Cloud AI Services Questions
Cloud AI platforms are central to most enterprise ML infrastructure. These 10 questions cover the major cloud AI services, managed vs self-hosted trade-offs, cost analysis, and architecture patterns that interviewers expect you to discuss with depth and nuance.
Q1: Compare AWS SageMaker, GCP Vertex AI, and Azure ML. What are the strengths and weaknesses of each?
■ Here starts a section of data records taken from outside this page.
(* Let $H_1$ and $H_2$ be vertex-disjoint connected graphs, each with at least two vertices, and let $l\geqslant 2$. Let $G_1$ be the graph obtained from $H_1$, $H_2$ and a path $v_1v_2\ldots v_l$ by identifying $v_1$ with a vertex of $H_1$ and $v_l$ with a vertex of $H_2$ (the internal vertices $v_2,\ldots,v_{l-1}$ being new). Let $$G_2=G_1-\{v_lx: x\in N_{H_2}(v_l)\}+\{v_1x: x\in N_{H_2}(v_l)\}.$$ Then $\xi^{ee}(G_1)<\xi^{ee}(G_2)$.
   Context: All graphs are finite, simple and connected. For a vertex $x$ of a connected graph $G$, $\varepsilon_G(x)$ is the eccentricity of $x$ and $d_G(x)$ its degree; $N_H(v)$ is the neighbourhood of $v$ in $H$. The total reciprocal edge-eccentricity of $G$ is $\xi^{ee}(G)=\sum_{uv\in E(G)}\left(\frac{1}{\varepsilon_G(u)}+\frac{1}{\varepsilon_G(v)}\right)=\sum_{x\in V(G)}\frac{d_G(x)}{\varepsilon_G(x)}$. *)

theory Defs
  imports Main "HOL-Library.Multiset" Complex_Main
begin

definition simple_graph :: "'a set \<Rightarrow> 'a set set \<Rightarrow> bool" where
  "simple_graph V E \<longleftrightarrow> finite V \<and>
     (\<forall>e\<in>E. \<exists>x y. x \<noteq> y \<and> x \<in> V \<and> y \<in> V \<and> e = {x, y})"

definition is_walk :: "'a set set \<Rightarrow> 'a list \<Rightarrow> bool" where
  "is_walk E xs \<longleftrightarrow> xs \<noteq> [] \<and> (\<forall>i. Suc i < length xs \<longrightarrow> {xs ! i, xs ! Suc i} \<in> E)"

definition connected_graph :: "'a set \<Rightarrow> 'a set set \<Rightarrow> bool" where
  "connected_graph V E \<longleftrightarrow> V \<noteq> {} \<and>
     (\<forall>u\<in>V. \<forall>w\<in>V. \<exists>xs. is_walk E xs \<and> hd xs = u \<and> last xs = w)"

definition gdist :: "'a set set \<Rightarrow> 'a \<Rightarrow> 'a \<Rightarrow> nat" where
  "gdist E u w = (LEAST n. \<exists>xs. is_walk E xs \<and> hd xs = u \<and> last xs = w \<and> length xs = Suc n)"

definition ecc :: "'a set \<Rightarrow> 'a set set \<Rightarrow> 'a \<Rightarrow> nat" where
  "ecc V E x = Max (gdist E x ` V)"

definition nbrs :: "'a set set \<Rightarrow> 'a \<Rightarrow> 'a set" where
  "nbrs E x = {y. {x, y} \<in> E}"

definition degree :: "'a set set \<Rightarrow> 'a \<Rightarrow> nat" where
  "degree E x = card (nbrs E x)"

definition xi_ee :: "'a set \<Rightarrow> 'a set set \<Rightarrow> real" where
  "xi_ee V E = (\<Sum>x\<in>V. real (degree E x) / real (ecc V E x))"

end

theory Submission
  imports Defs
begin

text \<open>Let \<open>depth\<^sub>1\<close> and \<open>depth\<^sub>2\<close> be the largest distances from \<open>v\<^sub>1\<close> into \<open>H\<^sub>1\<close> and from
  \<open>v\<^sub>l\<close> into \<open>H\<^sub>2\<close>. The map fixing \<open>H\<^sub>1\<close> and \<open>H\<^sub>2 - v\<^sub>l\<close> and contracting the path onto \<open>v\<^sub>1\<close>
  does not increase distances from \<open>G\<^sub>1\<close> to \<open>G\<^sub>2\<close>, so no vertex off the path becomes more
  eccentric. On the path, potentials that grow by at most one along each edge show that \<open>v\<^sub>i\<close>
  has eccentricity at least \<open>max (i - 1 + depth\<^sub>1) (l - i + depth\<^sub>2)\<close> in \<open>G\<^sub>1\<close>, while in \<open>G\<^sub>2\<close>
  it is at most \<open>max (i - 1 + max depth\<^sub>1 depth\<^sub>2) (l - i)\<close>, and the now pendant \<open>v\<^sub>l\<close> is strictly
  more eccentric than \<open>v\<^sub>1\<close>. Degrees change only at the ends: \<open>v\<^sub>1\<close> gains the \<open>d\<close> neighbours of
  \<open>v\<^sub>l\<close> in \<open>H\<^sub>2\<close> and \<open>v\<^sub>l\<close> drops from \<open>d + 1\<close> to \<open>1\<close>. Matching the summands of the two sums, along the path
  identically if \<open>depth\<^sub>2 \<le> depth\<^sub>1\<close> and in reverse order otherwise, no summand decreases and
  the two end summands together increase strictly.\<close>

section \<open>Walks and distances\<close>

lemma is_walk_singleton [simp]: "is_walk E [x]"
  by (simp add: is_walk_def)

lemma is_walk_Cons_Cons [simp]:
  "is_walk E (x # y # zs) \<longleftrightarrow> {x, y} \<in> E \<and> is_walk E (y # zs)"
  by (auto simp: is_walk_def less_Suc_eq_0_disj)

lemma is_walk_nonempty: "is_walk E xs \<Longrightarrow> xs \<noteq> []"
  by (simp add: is_walk_def)

lemma is_walk_mono: "is_walk E xs \<Longrightarrow> E \<subseteq> F \<Longrightarrow> is_walk F xs"
  unfolding is_walk_def by blast

lemma is_walk_append_tl:
  "is_walk E xs \<Longrightarrow> is_walk E ys \<Longrightarrow> last xs = hd ys \<Longrightarrow> is_walk E (xs @ tl ys)"
proof (induction xs rule: induct_list012)
  case (2 x)
  then show ?case by (cases ys) (auto simp: is_walk_def)
next
  case (3 x y zs)
  then show ?case by simp
qed (simp add: is_walk_def)

lemma is_walk_rev: "is_walk E xs \<Longrightarrow> is_walk E (rev xs)"
proof (induction xs rule: induct_list012)
  case (3 x y zs)
  have "is_walk E (rev (y # zs) @ tl [y, x])"
    using 3 by (intro is_walk_append_tl) (auto simp: insert_commute last_rev)
  then show ?case by simp
qed (auto simp: is_walk_def)

definition reachable :: "'a set set \<Rightarrow> 'a \<Rightarrow> 'a \<Rightarrow> bool" where
  "reachable E u w \<longleftrightarrow> (\<exists>xs. is_walk E xs \<and> hd xs = u \<and> last xs = w)"

lemma reachable_refl [simp]: "reachable E u u"
  unfolding reachable_def by (rule exI[of _ "[u]"]) simp

lemma reachable_edge: "{u, w} \<in> E \<Longrightarrow> reachable E u w"
  unfolding reachable_def by (rule exI[of _ "[u, w]"]) simp

lemma reachable_trans: "reachable E u m \<Longrightarrow> reachable E m w \<Longrightarrow> reachable E u w"
  unfolding reachable_def
  by (metis is_walk_append_tl is_walk_nonempty hd_append list.collapse last_appendR last_tl last_ConsL)

lemma reachable_mono: "reachable E u w \<Longrightarrow> E \<subseteq> F \<Longrightarrow> reachable F u w"
  unfolding reachable_def using is_walk_mono by blast

lemma reachable_sym: "reachable E u w \<Longrightarrow> reachable E w u"
  unfolding reachable_def by (metis hd_rev is_walk_rev last_rev)

lemma connected_graph_reachable:
  "connected_graph V E \<Longrightarrow> u \<in> V \<Longrightarrow> w \<in> V \<Longrightarrow> reachable E u w"
  unfolding connected_graph_def reachable_def by blast

lemma gdist_le_length:
  assumes "is_walk E xs" "hd xs = u" "last xs = w"
  shows "gdist E u w \<le> length xs - 1"
proof -
  have "length xs = Suc (length xs - 1)"
    using is_walk_nonempty[OF assms(1)] by (cases xs) auto
  then show ?thesis
    unfolding gdist_def using assms by (intro Least_le) metis
qed

lemma shortest_walk:
  assumes "reachable E u w"
  obtains xs where "is_walk E xs" "hd xs = u" "last xs = w" "length xs = Suc (gdist E u w)"
proof -
  obtain xs where xs: "is_walk E xs" "hd xs = u" "last xs = w"
    using assms unfolding reachable_def by blast
  have "length xs = Suc (length xs - 1)"
    using is_walk_nonempty[OF xs(1)] by (cases xs) auto
  with xs have "\<exists>n xs. is_walk E xs \<and> hd xs = u \<and> last xs = w \<and> length xs = Suc n"
    by metis
  then have "\<exists>xs. is_walk E xs \<and> hd xs = u \<and> last xs = w \<and> length xs = Suc (gdist E u w)"
    unfolding gdist_def by (rule LeastI_ex)
  then show ?thesis
    using that by blast
qed

lemma gdist_self [simp]: "gdist E u u = 0"
  using gdist_le_length[of E "[u]" u u] by simp

lemma gdist_edge_le_1: "{u, w} \<in> E \<Longrightarrow> gdist E u w \<le> 1"
  using gdist_le_length[of E "[u, w]" u w] by simp

lemma gdist_triangle:
  assumes "reachable E u m" "reachable E m w"
  shows "gdist E u w \<le> gdist E u m + gdist E m w"
proof -
  obtain xs where xs: "is_walk E xs" "hd xs = u" "last xs = m" "length xs = Suc (gdist E u m)"
    using shortest_walk[OF assms(1)] by blast
  obtain ys where ys: "is_walk E ys" "hd ys = m" "last ys = w" "length ys = Suc (gdist E m w)"
    using shortest_walk[OF assms(2)] by blast
  have "gdist E u w \<le> length (xs @ tl ys) - 1"
  proof (rule gdist_le_length)
    show "is_walk E (xs @ tl ys)" using xs ys by (intro is_walk_append_tl) auto
    show "hd (xs @ tl ys) = u" using xs is_walk_nonempty by (cases xs) auto
    show "last (xs @ tl ys) = w" using xs ys is_walk_nonempty by (cases ys) auto
  qed
  also have "\<dots> = gdist E u m + gdist E m w"
    using xs ys by simp
  finally show ?thesis .
qed

lemma gdist_sym: "reachable E u w \<Longrightarrow> gdist E u w = gdist E w u"
proof -
  have le: "gdist E w u \<le> gdist E u w" if r: "reachable E u w" for u w
  proof -
    obtain xs where xs: "is_walk E xs" "hd xs = u" "last xs = w" "length xs = Suc (gdist E u w)"
      using shortest_walk[OF r] by blast
    have "gdist E w u \<le> length (rev xs) - 1"
      using xs is_walk_nonempty[OF xs(1)]
      by (intro gdist_le_length is_walk_rev) (auto simp: hd_rev last_rev)
    with xs show ?thesis by simp
  qed
  assume "reachable E u w"
  with le[of u w] le[of w u] reachable_sym show ?thesis by fastforce
qed

lemma gdist_eq_0_imp_eq: "reachable E u w \<Longrightarrow> gdist E u w = 0 \<Longrightarrow> u = w"
  by (metis shortest_walk is_walk_nonempty hd_conv_nth last_conv_nth One_nat_def diff_Suc_1)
| Feature | AWS SageMaker | GCP Vertex AI | Azure ML |
|---|---|---|---|
| Strengths | Most mature, broadest feature set, SageMaker Studio IDE, built-in model monitoring, largest ecosystem | Best TPU integration, Vertex AI Pipelines (Kubeflow-based), strong AutoML, tight BigQuery integration | Best enterprise integration (Active Directory, Azure DevOps), responsible AI toolkit, strong for .NET shops |
| Weaknesses | Complex pricing, vendor lock-in with SageMaker-specific APIs, steep learning curve | Smaller ecosystem, less third-party integration, documentation gaps | Slower feature releases, smaller ML community, less mature managed training |
| GPU Options | P4d (A100), P5 (H100), Trn1 (Trainium), Inf2 (Inferentia) | A100, H100, TPU v4/v5p/v5e | A100, H100, ND-series (InfiniBand-connected) |
| Model Serving | SageMaker Endpoints (real-time, async, serverless) | Vertex AI Endpoints, with traffic splitting and auto-scaling | Azure ML Managed Online Endpoints, AKS integration |
| Training | SageMaker Training Jobs, distributed training with built-in data parallelism | Vertex AI Custom Training, TPU pod slices for large-scale training | Azure ML Compute Clusters, InfiniBand support for distributed training |
| Cost | Premium pricing, Trainium/Inferentia cheaper alternatives | Competitive, committed use discounts, TPUs cost-effective at scale | Competitive, reserved capacity, enterprise agreements |
Interview tip: Do not just list features. Explain when you would choose each: SageMaker for teams already on AWS wanting a one-stop shop, Vertex AI for TPU-heavy training or organizations using BigQuery, Azure ML for enterprises with existing Microsoft infrastructure. Always mention that the underlying ML concepts are cloud-agnostic.
Q2: When should you use managed ML services vs self-hosted infrastructure?
Answer: This is a nuanced decision that depends on team size, workload characteristics, and organizational maturity:
Choose managed services when:
- Small team (1–5 ML engineers): Cannot afford the operational overhead of managing Kubernetes, GPU drivers, networking, and monitoring. Managed services let them focus on ML, not infrastructure.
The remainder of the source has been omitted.